Two other people who had gotten through the tunnel ahead of the larger man were apprehended in a parking lot just north of the second of two fences that separate the U.S. from Mexico. They were captured in an industrial section of San Diego that’s about nine miles east of the Tijuana border crossing.

Seven more people who were behind that group managed to crawl back into Mexico through the tunnel.

Border Patrol agents had noticed the 14 gathering on the Mexican side shortly before 7 a.m. They moved in to apprehend the first two after they emerged on the U.S. side and found the five others trapped.

The tunnel, only about 2 feet across, is part of San Diego’s storm drainage system, and authorities were investigating how it was breached from the Mexican side. Jacques said it was most likely someone had connected a makeshift tunnel to the storm system.

He said a tragedy easily could have occurred in the narrow tunnel, which emitted a fetid, dirty water smell at its opening. Upon arriving, firefighters checked to make sure the air inside was breathable and were prepared to break open the entire tunnel if it wasn’t.

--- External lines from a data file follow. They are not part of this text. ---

(* Let $\mathscr J,\mathcal K\subseteq\{1,\dots,n\}$, let $\Delta$ be the simplicial complex with facets $\mathscr J$ and $\mathcal K$, and let $i\in\mathscr J\cap\mathcal K$. Then $$L_{\mathcal K\setminus\{i\}}\cdot L_{\mathscr J}\subseteq P_\Delta R+L_{\mathscr J\setminus\{i\}}.$$
   Context: $\mathbb K$ is a field, $R=\mathbb K[x_{i_1,\dots,i_n}:1\le i_j\le a_j]$. For a tuple $\sigma$ with $\sigma_j\in\{1,\dots,a_j\}\cup\{+\}$, $x_\sigma$ is the sum of all $x_{i_1,\dots,i_n}$ with $i_j=\sigma_j$ whenever $\sigma_j\ne+$. For $\mathscr J\subseteq\{1,\dots,n\}$, $L_{\mathscr J}$ is the ideal of $R$ generated by all $x_\sigma$ with $\sigma_j\in\{1,\dots,a_j\}$ for $j\in\mathscr J$ and $\sigma_j=+$ for $j\notin\mathscr J$ (the entries of the $\mathscr J$-margin of the generic table). $S_\Delta$ is the polynomial ring over $\mathbb K$ in variables $X_\sigma$ for tuples $\sigma$ with $\sigma_j\in\{1,\dots,a_j\}\cup\{\bullet\}$ and $\{j:\sigma_j\ne\bullet\}\in\Delta$. $\tau_\Delta:S_\Delta\to R$ sends $X_\sigma\mapsto x_{\sigma''}$ ($\bullet$ replaced by $+$). $\sigma_\Delta:S_\Delta\to\mathbb K[y_{j,i}:1\le j\le n,1\le i\le a_j]$ sends $X_\sigma\mapsto\prod_jy_{j,\sigma_j}$ with $y_{j,\bullet}$ read as $\sum_iy_{j,i}$; $P_\Delta=\ker\sigma_\Delta$, and $P_\Delta R$ is the ideal of $R$ generated by $\tau_\Delta(P_\Delta)$. *)

theory Defs
  imports "HOL-Library.Poly_Mapping"
begin

text \<open>Multivariate polynomials over a coefficient ring with variables of type 'v are
  represented as finitely supported maps from monomials (exponent vectors 'v =>0 nat)
  to coefficients.\<close>

type_synonym ('v, 'k) mpoly = "('v \<Rightarrow>\<^sub>0 nat) \<Rightarrow>\<^sub>0 'k"

definition PVar :: "'v \<Rightarrow> ('v, 'k::comm_ring_1) mpoly" where
  "PVar v = Poly_Mapping.single (Poly_Mapping.single v 1) 1"

definition PConst :: "'k \<Rightarrow> ('v, 'k::comm_ring_1) mpoly" where
  "PConst c = Poly_Mapping.single 0 c"

definition pvars :: "('v, 'k::comm_ring_1) mpoly \<Rightarrow> 'v set" where
  "pvars p = \<Union> (Poly_Mapping.keys ` Poly_Mapping.keys p)"

definition psubst :: "('v \<Rightarrow> ('w, 'k::comm_ring_1) mpoly) \<Rightarrow> ('v, 'k) mpoly \<Rightarrow> ('w, 'k) mpoly" where
  "psubst f p = (\<Sum>m\<in>Poly_Mapping.keys p.
      PConst (Poly_Mapping.lookup p m) * (\<Prod>v\<in>Poly_Mapping.keys m. f v ^ Poly_Mapping.lookup m v))"

definition ideal_gen :: "'a::comm_ring_1 set \<Rightarrow> 'a set" where
  "ideal_gen S = {(\<Sum>s\<in>F. c s * s) | F c. finite F \<and> F \<subseteq> S}"

definition ideal_sum :: "'a::comm_ring_1 set \<Rightarrow> 'a set \<Rightarrow> 'a set" where
  "ideal_sum I J = ideal_gen (I \<union> J)"

definition ideal_prod :: "'a::comm_ring_1 set \<Rightarrow> 'a set \<Rightarrow> 'a set" where
  "ideal_prod I J = ideal_gen {x * y | x y. x \<in> I \<and> y \<in> J}"

text \<open>A margin index sigma is a function nat => nat with sigma j in {0..a j} for j in {1..n}
  and sigma j = 0 otherwise; the value 0 encodes the symbol + (resp. bullet).\<close>

definition cells :: "nat \<Rightarrow> (nat \<Rightarrow> nat) \<Rightarrow> (nat \<Rightarrow> nat) set" where
  "cells n a = {c. (\<forall>j\<in>{1..n}. 1 \<le> c j \<and> c j \<le> a j) \<and> (\<forall>j. j \<notin> {1..n} \<longrightarrow> c j = 0)}"

definition margin_idx :: "nat \<Rightarrow> (nat \<Rightarrow> nat) \<Rightarrow> (nat \<Rightarrow> nat) set" where
  "margin_idx n a = {s. (\<forall>j\<in>{1..n}. s j \<le> a j) \<and> (\<forall>j. j \<notin> {1..n} \<longrightarrow> s j = 0)}"

definition msupp :: "nat \<Rightarrow> (nat \<Rightarrow> nat) \<Rightarrow> nat set" where
  "msupp n s = {j\<in>{1..n}. s j \<noteq> 0}"

definition xsig :: "nat \<Rightarrow> (nat \<Rightarrow> nat) \<Rightarrow> (nat \<Rightarrow> nat) \<Rightarrow> (nat \<Rightarrow> nat, 'k::comm_ring_1) mpoly" where
  "xsig n a s = (\<Sum>c\<in>{c\<in>cells n a. \<forall>j\<in>{1..n}. s j \<noteq> 0 \<longrightarrow> c j = s j}. PVar c)"

definition Lmarg :: "nat \<Rightarrow> (nat \<Rightarrow> nat) \<Rightarrow> nat set \<Rightarrow> (nat \<Rightarrow> nat, 'k::comm_ring_1) mpoly set" where
  "Lmarg n a J = ideal_gen (xsig n a ` {s\<in>margin_idx n a. msupp n s = J \<inter> {1..n} \<and> (\<forall>j\<in>J \<inter> {1..n}. 1 \<le> s j)})"

definition Svars :: "nat \<Rightarrow> (nat \<Rightarrow> nat) \<Rightarrow> nat set set \<Rightarrow> (nat \<Rightarrow> nat) set" where
  "Svars n a Delta = {s\<in>margin_idx n a. msupp n s \<in> Delta}"

definition tauD :: "nat \<Rightarrow> (nat \<Rightarrow> nat) \<Rightarrow> (nat \<Rightarrow> nat, 'k::comm_ring_1) mpoly \<Rightarrow> (nat \<Rightarrow> nat, 'k) mpoly" where
  "tauD n a = psubst (xsig n a)"

definition yvar :: "(nat \<Rightarrow> nat) \<Rightarrow> nat \<Rightarrow> nat \<Rightarrow> (nat \<times> nat, 'k::comm_ring_1) mpoly" where
  "yvar a j i = (if i = 0 then (\<Sum>i'\<in>{1..a j}. PVar (j, i')) else PVar (j, i))"

definition sigD :: "nat \<Rightarrow> (nat \<Rightarrow> nat) \<Rightarrow> (nat \<Rightarrow> nat, 'k::comm_ring_1) mpoly \<Rightarrow> (nat \<times> nat, 'k) mpoly" where
  "sigD n a = psubst (\<lambda>s. \<Prod>j\<in>{1..n}. yvar a j (s j))"

definition PDelta :: "nat \<Rightarrow> (nat \<Rightarrow> nat) \<Rightarrow> nat set set \<Rightarrow> (nat \<Rightarrow> nat, 'k::comm_ring_1) mpoly set" where
  "PDelta n a Delta = {p. pvars p \<subseteq> Svars n a Delta \<and> sigD n a p = 0}"

definition PDeltaR :: "nat \<Rightarrow> (nat \<Rightarrow> nat) \<Rightarrow> nat set set \<Rightarrow> (nat \<Rightarrow> nat, 'k::comm_ring_1) mpoly set" where
  "PDeltaR n a Delta = ideal_gen (tauD n a ` PDelta n a Delta)"

definition complex2 :: "nat set \<Rightarrow> nat set \<Rightarrow> nat set set" where
  "complex2 J K = {F. F \<subseteq> J \<or> F \<subseteq> K}"

end

theory Submission
  imports Defs
begin

text \<open>Take generators x_s of L_(K - {i}) and x_t of L_J, so s_i = + and t_i is not +.
  Moving the i-th entry of t over to s gives s' = s(i := t_i), supported on K, and
  t' = t(i := +), supported on J - {i}; all four indices are variables of S_Delta. The
  monomials X_s X_t and X_s' X_t' have the same image under sigma_Delta, since only the
  order of the factors y_(i,t_i) and y_(i,+) changes. So their difference lies in P_Delta,
  and x_s x_t lies in P_Delta R + x_s' x_t', which is inside P_Delta R + L_(J - {i}).\<close>

definition monom_eval :: "('v \<Rightarrow> ('w, 'k::comm_ring_1) mpoly) \<Rightarrow> ('v \<Rightarrow>\<^sub>0 nat) \<Rightarrow> ('w, 'k) mpoly" where
  "monom_eval f m = (\<Prod>v\<in>Poly_Mapping.keys m. f v ^ Poly_Mapping.lookup m v)"

lemma monom_eval_superset:
  assumes "finite S" "Poly_Mapping.keys m \<subseteq> S"
  shows "monom_eval f m = (\<Prod>v\<in>S. f v ^ Poly_Mapping.lookup m v)"
  unfolding monom_eval_def
  by (rule prod.mono_neutral_left) (use assms in \<open>auto simp: in_keys_iff\<close>)

lemma monom_eval_add: "monom_eval f (m1 + m2) = monom_eval f m1 * monom_eval f m2"
proof -
  let ?S = "Poly_Mapping.keys m1 \<union> Poly_Mapping.keys m2"
  have "monom_eval f (m1 + m2) = (\<Prod>v\<in>?S. f v ^ Poly_Mapping.lookup (m1 + m2) v)"
    by (rule monom_eval_superset) (auto dest: keys_add[THEN subsetD])
  also have "\<dots> = (\<Prod>v\<in>?S. f v ^ Poly_Mapping.lookup m1 v * f v ^ Poly_Mapping.lookup m2 v)"
    by (simp add: lookup_add power_add)
  also have "\<dots> = monom_eval f m1 * monom_eval f m2"
    by (simp add: prod.distrib monom_eval_superset[of ?S])
  finally show ?thesis .
qed

lemma monom_eval_single: "monom_eval f (Poly_Mapping.single v 1) = f v"
  by (simp add: monom_eval_def)

lemma psubst_superset:
  assumes "finite S" "Poly_Mapping.keys p \<subseteq> S"
  shows "psubst f p = (\<Sum>m\<in>S. PConst (Poly_Mapping.lookup p m) * monom_eval f m)"
  unfolding psubst_def monom_eval_def[symmetric]
  by (rule sum.mono_neutral_left) (use assms in \<open>auto simp: in_keys_iff PConst_def\<close>)

lemma psubst_diff: "psubst f (p - q) = psubst f p - psubst f q"
proof -
  let ?S = "Poly_Mapping.keys p \<union> Poly_Mapping.keys q"
  have "psubst f (p - q) = (\<Sum>m\<in>?S. PConst (Poly_Mapping.lookup (p - q) m) * monom_eval f m)"
    by (rule psubst_superset) (auto dest: keys_diff[THEN subsetD])
  also have "\<dots> = (\<Sum>m\<in>?S. PConst (Poly_Mapping.lookup p m) * monom_eval f m
                           - PConst (Poly_Mapping.lookup q m) * monom_eval f m)"
    by (simp add: lookup_minus PConst_def single_diff algebra_simps)
  also have "\<dots> = psubst f p - psubst f q"
    by (simp add: sum_subtractf psubst_superset[of ?S])
  finally show ?thesis .
qed

lemma PVar_mult_PVar:
  "PVar u * PVar v = (Poly_Mapping.single (Poly_Mapping.single u 1 + Poly_Mapping.single v 1) 1
     :: ('v, 'k::comm_ring_1) mpoly)"
  by (simp add: PVar_def mult_single)

lemma psubst_single: "psubst f (Poly_Mapping.single m c) = PConst c * monom_eval f m"
  by (cases "c = 0") (simp_all add: psubst_def monom_eval_def PConst_def)

lemma psubst_PVar_mult_PVar: "psubst f (PVar u * PVar v) = f u * f v"
  unfolding PVar_mult_PVar psubst_single monom_eval_add monom_eval_single
  by (simp add: PConst_def)

lemma pvars_PVar_mult_PVar: "pvars (PVar u * PVar v :: ('v, 'k::comm_ring_1) mpoly) = {u, v}"
proof -
  have "Poly_Mapping.keys (Poly_Mapping.single u (1::nat) + Poly_Mapping.single v 1) = {u, v}"
    by (auto simp: in_keys_iff lookup_add lookup_single when_def split: if_splits)
  then show ?thesis by (simp add: PVar_mult_PVar pvars_def)
qed

lemma pvars_diff: "pvars (p - q) \<subseteq> pvars p \<union> pvars q"
  unfolding pvars_def using keys_diff[of p q] by auto

lemma ideal_gen_0: "0 \<in> ideal_gen S"
  unfolding ideal_gen_def by (rule CollectI, rule exI[of _ "{}"]) auto

lemma ideal_gen_base: "x \<in> S \<Longrightarrow> x \<in> ideal_gen S"
  unfolding ideal_gen_def by (rule CollectI, rule exI[of _ "{x}"], rule exI[of _ "\<lambda>_. 1"]) auto

lemma ideal_gen_mult_left: "x \<in> ideal_gen S \<Longrightarrow> c * x \<in> ideal_gen S"
proof -
  assume "x \<in> ideal_gen S"
  then obtain F d where F: "finite F" "F \<subseteq> S" "x = (\<Sum>s\<in>F. d s * s)"
    unfolding ideal_gen_def by auto
  then have "c * x = (\<Sum>s\<in>F. (c * d s) * s)"
    by (simp add: sum_distrib_left mult.assoc)
  with F show ?thesis
    unfolding ideal_gen_def by (auto intro!: exI[of _ F] exI[of _ "\<lambda>s. c * d s"])
qed

lemma ideal_gen_add: "x \<in> ideal_gen S \<Longrightarrow> y \<in> ideal_gen S \<Longrightarrow> x + y \<in> ideal_gen S"
proof -
  assume "x \<in> ideal_gen S" "y \<in> ideal_gen S"
  then obtain F d G e where F: "finite F" "F \<subseteq> S" "x = (\<Sum>s\<in>F. d s * s)"
    and G: "finite G" "G \<subseteq> S" "y = (\<Sum>s\<in>G. e s * s)"
    unfolding ideal_gen_def by auto
  define c where "c s = (if s \<in> F then d s else 0) + (if s \<in> G then e s else 0)" for s
  have x: "(\<Sum>s\<in>F \<union> G. (if s \<in> F then d s else 0) * s) = x"
    unfolding F(3) by (rule sum.mono_neutral_cong_right) (use F G in auto)
  have y: "(\<Sum>s\<in>F \<union> G. (if s \<in> G then e s else 0) * s) = y"
    unfolding G(3) by (rule sum.mono_neutral_cong_right) (use F G in auto)
  have "x + y = (\<Sum>s\<in>F \<union> G. c s * s)"
    unfolding c_def distrib_right sum.distrib x y ..
  with F G show ?thesis
    unfolding ideal_gen_def by (auto intro!: exI[of _ "F \<union> G"] exI[of _ c])
qed

lemma ideal_gen_sum:
  "finite F \<Longrightarrow> (\<And>x. x \<in> F \<Longrightarrow> g x \<in> ideal_gen S) \<Longrightarrow> sum g F \<in> ideal_gen S"
  by (induction F rule: finite_induct) (auto intro: ideal_gen_0 ideal_gen_add)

“This to me illustrates how little smugglers care about human life,” Jacques said at the scene. “They risked these people’s lives and that’s unconscionable.”

Luis Cabrera, Mexico’s Consul General in San Diego, said the group had been taken into the tunnel by a guide, but he was not one of the individuals arrested.

“We know the conditions were terrible and difficult, people should not put their lives in the hands of these traffickers,” Cabrera said.

Jacques said the group’s capture shows it is getting harder to sneak across the border into the United States.

“This is an example of the fact that people are getting more desperate and trying other means,” he said.